We reject the further contention of defendant that he was deprived of a fair trial based upon comments made by the prosecutor during her summation. We conclude that the prosecutor's comments at issue were “a fair response to defense counsel's summation and did not exceed the bounds of legitimate advocacy” (People v. Melendez, 11 A.D.3d 983, 984, 782 N.Y.S.2d 893, lv. denied 4 N.Y.3d 888, 798 N.Y.S.2d 734, 831 N.E.2d 979 ). We also note that, “although the prosecutor improperly commented on facts not in evidence, the court sustained defendant's objection to those improper comments and any prejudicial effect therefore was dispelled” (People v. Davis, 38 A.D.3d 1170, 1172, 832 N.Y.S.2d 352, lv. denied 9 N.Y.3d 842, 840 N.Y.S.2d 769, 872 N.E.2d 882, cert. denied 552 U.S. 1065, 128 S.Ct. 713, 169 L.Ed.2d 559 ).
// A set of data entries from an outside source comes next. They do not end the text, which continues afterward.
text \<open>With \<open>s = (1 - z) / z\<close> one has \<open>R_psi z = z\<^bsup>-\<kappa>\<^esup> J\<^sub>0(z) / \<Gamma>(\<kappa>)\<close> for the moments
  \<open>J\<^sub>m(z) = \<integral>\<^sub>0\<^sup>\<infinity> \<psi>(\<theta>) \<theta>\<^bsup>\<kappa>+m-1\<^esup> exp (-s\<theta>) d\<theta>\<close>, and differentiation under the integral sign
  gives \<open>J\<^sub>m' = J\<^sub>m\<^sub>+\<^sub>1 / z\<^sup>2\<close>. Hence the \<open>r\<close>-th derivative of \<open>R_psi\<close> is
  \<open>\<Sum>m\<le>r. (-1)\<^bsup>r+m\<^esup> (\<kappa>)\<^sub>r (r choose m) / \<Gamma>(\<kappa>+m) z\<^bsup>-\<kappa>-r-m\<^esup> J\<^sub>m(z)\<close>.
  Since \<open>|\<psi>| \<le> 1\<close>, \<open>|J\<^sub>m(z)| \<le> \<Gamma>(\<kappa>+m) s\<^bsup>-\<kappa>-m\<^esup>\<close>, and the binomial theorem collapses the
  resulting bound to \<open>(\<kappa>)\<^sub>r (1-z)\<^bsup>-\<kappa>\<^esup> ((1 + 1/(1-z)) / z)\<^sup>r\<close>. On \<open>[a, b]\<close> we have
  \<open>z \<ge> a\<close> and \<open>1 - z \<ge> a L\<close>, and the affine change of variables contributes \<open>\<Delta>\<^sup>r\<close>.\<close>

lemma Gamma_integral_scaled_real:
  fixes p c :: real
  assumes p: "p > 0" and c: "c > 0"
  shows "set_integrable lborel {0..} (\<lambda>t. t powr (p - 1) * exp (- c * t))"
    and "(LINT t:{0..}|lborel. t powr (p - 1) * exp (- c * t)) = Gamma p * c powr (- p)"
proof -
  define f where "f t = indicator {0..} t *\<^sub>R (t powr (p - 1) / exp t)" for t :: real
  have Gamma_hk: "((\<lambda>t. t powr (p - 1) / exp t) has_integral Gamma p) {0..}"
    by (rule Gamma_integral_real[OF p])
  then have "set_integrable lebesgue {0..} (\<lambda>t. t powr (p - 1) / exp t)"
    by (intro nonnegative_absolutely_integrable_1) auto
  then have Gamma_int: "set_integrable lborel {0..} (\<lambda>t. t powr (p - 1) / exp t)"
    unfolding set_integrable_def by (subst (asm) integrable_completion) auto
  then have f_int: "integrable lborel f"
    unfolding f_def set_integrable_def .
  have "(LINT t:{0..}|lborel. t powr (p - 1) / exp t) = Gamma p"
    using set_borel_integral_eq_integral(2)[OF Gamma_int] Gamma_hk by (simp add: integral_unique)
  then have f_integral: "integral\<^sup>L lborel f = Gamma p"
    unfolding f_def set_lebesgue_integral_def .
  have f_scaled: "f (c * t) = c powr (p - 1) * (indicator {0..} t * (t powr (p - 1) * exp (- c * t)))" for t
    using c by (cases "t \<ge> 0") (auto simp: f_def powr_mult exp_minus field_simps indicator_def zero_le_mult_iff)
  have "integrable lborel (\<lambda>t. f (0 + c * t))"
    using c by (intro lborel_integrable_real_affine[OF f_int]) auto
  then show "set_integrable lborel {0..} (\<lambda>t. t powr (p - 1) * exp (- c * t))"
    using c unfolding add_0 f_scaled by (simp add: set_integrable_def)
  have "Gamma p = c * (\<integral>t. f (c * t) \<partial>lborel)"
    using f_integral lborel_integral_real_affine[of c f 0] c by simp
  also have "\<dots> = c * c powr (p - 1) * (LINT t:{0..}|lborel. t powr (p - 1) * exp (- c * t))"
    by (simp add: f_scaled set_lebesgue_integral_def)
  also have "c * c powr (p - 1) = c powr p"
    using c by (simp add: powr_diff)
  finally show "(LINT t:{0..}|lborel. t powr (p - 1) * exp (- c * t)) = Gamma p * c powr (- p)"
    using c by (simp add: powr_minus field_simps)
qed

lemma has_real_derivative_integral_dominated:
  fixes f f' :: "real \<Rightarrow> 'a \<Rightarrow> real" and w :: "'a \<Rightarrow> real"
  assumes "\<delta> > 0"
    and int: "\<And>x. x \<in> ball x0 \<delta> \<Longrightarrow> integrable M (f x)"
    and der: "\<And>x \<theta>. x \<in> ball x0 \<delta> \<Longrightarrow> \<theta> \<in> space M \<Longrightarrow> ((\<lambda>x. f x \<theta>) has_real_derivative f' x \<theta>) (at x)"
    and bound: "\<And>x \<theta>. x \<in> ball x0 \<delta> \<Longrightarrow> \<theta> \<in> space M \<Longrightarrow> \<bar>f' x \<theta>\<bar> \<le> w \<theta>"
    and "integrable M w"
    and "f' x0 \<in> borel_measurable M"
  shows "((\<lambda>x. integral\<^sup>L M (f x)) has_real_derivative integral\<^sup>L M (f' x0)) (at x0)"
proof -
  define q where "q h = (\<lambda>\<theta>. (f (x0 + h) \<theta> - f x0 \<theta>) / h)" for h
  have x0: "x0 \<in> ball x0 \<delta>"
    using \<open>\<delta> > 0\<close> by simp
  have q_bound: "\<bar>q h \<theta>\<bar> \<le> w \<theta>" if "x0 + h \<in> ball x0 \<delta>" "\<theta> \<in> space M" for h \<theta>
  proof -
    have "norm (f (x0 + h) \<theta> - f x0 \<theta>) \<le> w \<theta> * norm (x0 + h - x0)"
      using that x0 der bound
      by (intro field_differentiable_bound[where S="ball x0 \<delta>" and f'="\<lambda>x. f' x \<theta>"])
         (auto intro: has_field_derivative_at_within)
    moreover have "0 \<le> w \<theta>"
      using bound[OF x0 that(2)] by linarith
    ultimately show ?thesis
      by (cases "h = 0") (simp_all add: q_def abs_divide divide_le_eq)
  qed
  have q_lim: "((\<lambda>h. q h \<theta>) \<longlongrightarrow> f' x0 \<theta>) (at 0)" if "\<theta> \<in> space M" for \<theta>
    using der[OF x0 that] by (simp add: DERIV_def q_def)
  have "((\<lambda>h. integral\<^sup>L M (q h)) \<longlongrightarrow> integral\<^sup>L M (f' x0)) (at 0)"
    unfolding tendsto_at_iff_sequentially o_def
  proof (intro allI impI)
    fix X :: "nat \<Rightarrow> real" assume X: "\<forall>n. X n \<in> UNIV - {0}" "X \<longlonglongrightarrow> 0"
    then obtain N where N: "\<And>n. n \<ge> N \<Longrightarrow> x0 + X n \<in> ball x0 \<delta>"
      using \<open>\<delta> > 0\<close> by (force simp: LIMSEQ_iff dist_norm)
    have "(\<lambda>n. integral\<^sup>L M (q (X (n + N)))) \<longlonglongrightarrow> integral\<^sup>L M (f' x0)"
    proof (rule integral_dominated_convergence[where w=w])
      show "q (X (n + N)) \<in> borel_measurable M" for n
        using int[OF N[of "n + N"]] int[OF x0] unfolding q_def
        by (intro borel_measurable_divide borel_measurable_diff borel_measurable_const)
           (auto dest: borel_measurable_integrable)
      show "AE \<theta> in M. (\<lambda>n. q (X (n + N)) \<theta>) \<longlonglongrightarrow> f' x0 \<theta>"
        using X LIMSEQ_ignore_initial_segment[OF X(2), of N]
        by (intro AE_I2 q_lim[unfolded tendsto_at_iff_sequentially o_def, rule_format]) auto
      show "AE \<theta> in M. norm (q (X (n + N)) \<theta>) \<le> w \<theta>" for n
        using q_bound N[of "n + N"] by (intro AE_I2) simp
    qed fact+
    then show "(\<lambda>n. integral\<^sup>L M (q (X n))) \<longlonglongrightarrow> integral\<^sup>L M (f' x0)"
      by (rule LIMSEQ_offset)
  qed
  moreover have "\<forall>\<^sub>F h in at 0. integral\<^sup>L M (q h) = (integral\<^sup>L M (f (x0 + h)) - integral\<^sup>L M (f x0)) / h"
    using \<open>\<delta> > 0\<close> int int[OF x0] by (auto simp: eventually_at dist_norm q_def intro!: exI[of _ \<delta>])
  ultimately show ?thesis
    unfolding DERIV_def by (rule Lim_transform_eventually)
qed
We also reject defendant's contention that he was punished for exercising his right to a jury trial. “ ‘[T]he mere fact that a sentence imposed after trial is greater than that offered in connection with plea negotiations is not proof that defendant was punished for asserting his right to trial ..., and there is no indication in the record before us that the sentencing court acted in a vindictive manner based on defendant's exercise of the right to a trial’ ” (People v. Stubinger, 87 A.D.3d 1316, 1317, 929 N.Y.S.2d 813, lv. denied 18 N.Y.3d 862, 938 N.Y.S.2d 869, 962 N.E.2d 294 ), or that the court “ ‘placed undue weight upon defendant's ill-advised decision to reject [a] favorable plea bargain and proceed to trial’ ” (People v. Smith, 21 A.D.3d 1277, 1278, 801 N.Y.S.2d 663, lv. denied 7 N.Y.3d 763, 819 N.Y.S.2d 889, 853 N.E.2d 260 ). Defendant failed to preserve for our review his contention that “the court at sentencing erroneously considered crimes of which he was not convicted,” and we decline to exercise our power to review that contention as a matter of discretion in the interest of justice (People v. Faison, 113 A.D.3d 1135, 1136–1137, 977 N.Y.S.2d 862, lv. denied 23 N.Y.3d 1036, 993 N.Y.S.2d 250, 17 N.E.3d 505 [July 24, 2014] ; see generally People v. Hirsh, 106 A.D.3d 1546, 1548, 965 N.Y.S.2d 266, lv. denied 22 N.Y.3d 1088, 981 N.Y.S.2d 674, 4 N.E.3d 976 ). Finally, we conclude that the sentence is not unduly harsh or severe.
It is hereby ORDERED that the judgment so appealed from is unanimously affirmed.